text \<open>Reflecting \<open>x \<mapsto> -x\<close> and swapping the two components maps solutions of the nonlocal
  problem to solutions, and maps \<open>\<phi>\<close> to a solution with exactly the asymptotics at \<open>+\<infinity>\<close>
  that characterise \<open>\<psi>\<close>. So the first claim is the uniqueness of \<open>\<psi>\<close> when \<open>Im \<lambda> \<ge> 0\<close>.
  The Wronskian of two such solutions is constant and equals \<open>e\<^sup>2\<^sup>i\<^sup>\<lambda>\<^sup>x\<close> times a quantity
  tending to zero, so it vanishes; hence the solutions are proportional where the first
  component of one of them does not vanish, i.e. near \<open>+\<infinity>\<close>, and the normalisation fixes the
  factor to be 1. Their difference then vanishes at a point, hence everywhere, by a
  Gronwall-type argument using only local integrability of \<open>q\<close>. Applying the symmetry twice
  gives \<open>\<psi>\<^sub>1(x) = b\<^sub>0 \<psi>\<^sub>2(-x) = b\<^sub>0\<^sup>2 \<psi>\<^sub>1(x)\<close>, and \<open>\<psi>\<^sub>1\<close> does not vanish for large \<open>x\<close>.\<close>

lemma integral_centred_interval_small:
  fixes g :: "real \<Rightarrow> real"
  assumes g_int: "\<And>a b. g integrable_on {a..b}" and "e > 0"
  obtains \<delta> where "\<delta> > 0" "integral {t0 - \<delta>..t0 + \<delta>} g < e"
proof -
  define F where "F t = integral {t0 - 1..t} g" for t
  have "continuous_on {t0 - 1..t0 + 1} F"
    unfolding F_def by (rule indefinite_integral_continuous_1[OF g_int])
  then have "isCont F t0"
    by (rule continuous_on_interior) simp
  then obtain r where r: "r > 0" "\<And>t. dist t t0 < r \<Longrightarrow> dist (F t) (F t0) < e / 2"
    unfolding continuous_at_eps_delta using \<open>e > 0\<close> by (metis half_gt_zero)
  define \<delta> where "\<delta> = min (r / 2) (1 / 2)"
  have \<delta>: "\<delta> > 0" "\<delta> < r" "\<delta> < 1"
    using r(1) by (auto simp: \<delta>_def)
  have "integral {t0 - \<delta>..t0 + \<delta>} g = F (t0 + \<delta>) - F (t0 - \<delta>)"
    using Henstock_Kurzweil_Integration.integral_combine[OF _ _ g_int,
        of "t0 - 1" "t0 - \<delta>" "t0 + \<delta>"] \<delta>
    by (simp add: F_def algebra_simps)
  also have "\<dots> < e"
    using r(2)[of "t0 + \<delta>"] r(2)[of "t0 - \<delta>"] \<delta> unfolding dist_real_def by arith
  finally show ?thesis
    using \<delta>(1) that by blast
qed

● ● ● ● ● ● ●

◆ **Work instructions**:
In the records above, find the line with "The Wronskian of"; write out exactly that line and each one after it, stopping after the line with "tending to zero, so".

◆ **Result for this task**:
  The Wronskian of two such solutions is constant and equals \<open>e\<^sup>2\<^sup>i\<^sup>\<lambda>\<^sup>x\<close> times a quantity
  tending to zero, so it vanishes; hence the solutions are proportional where the first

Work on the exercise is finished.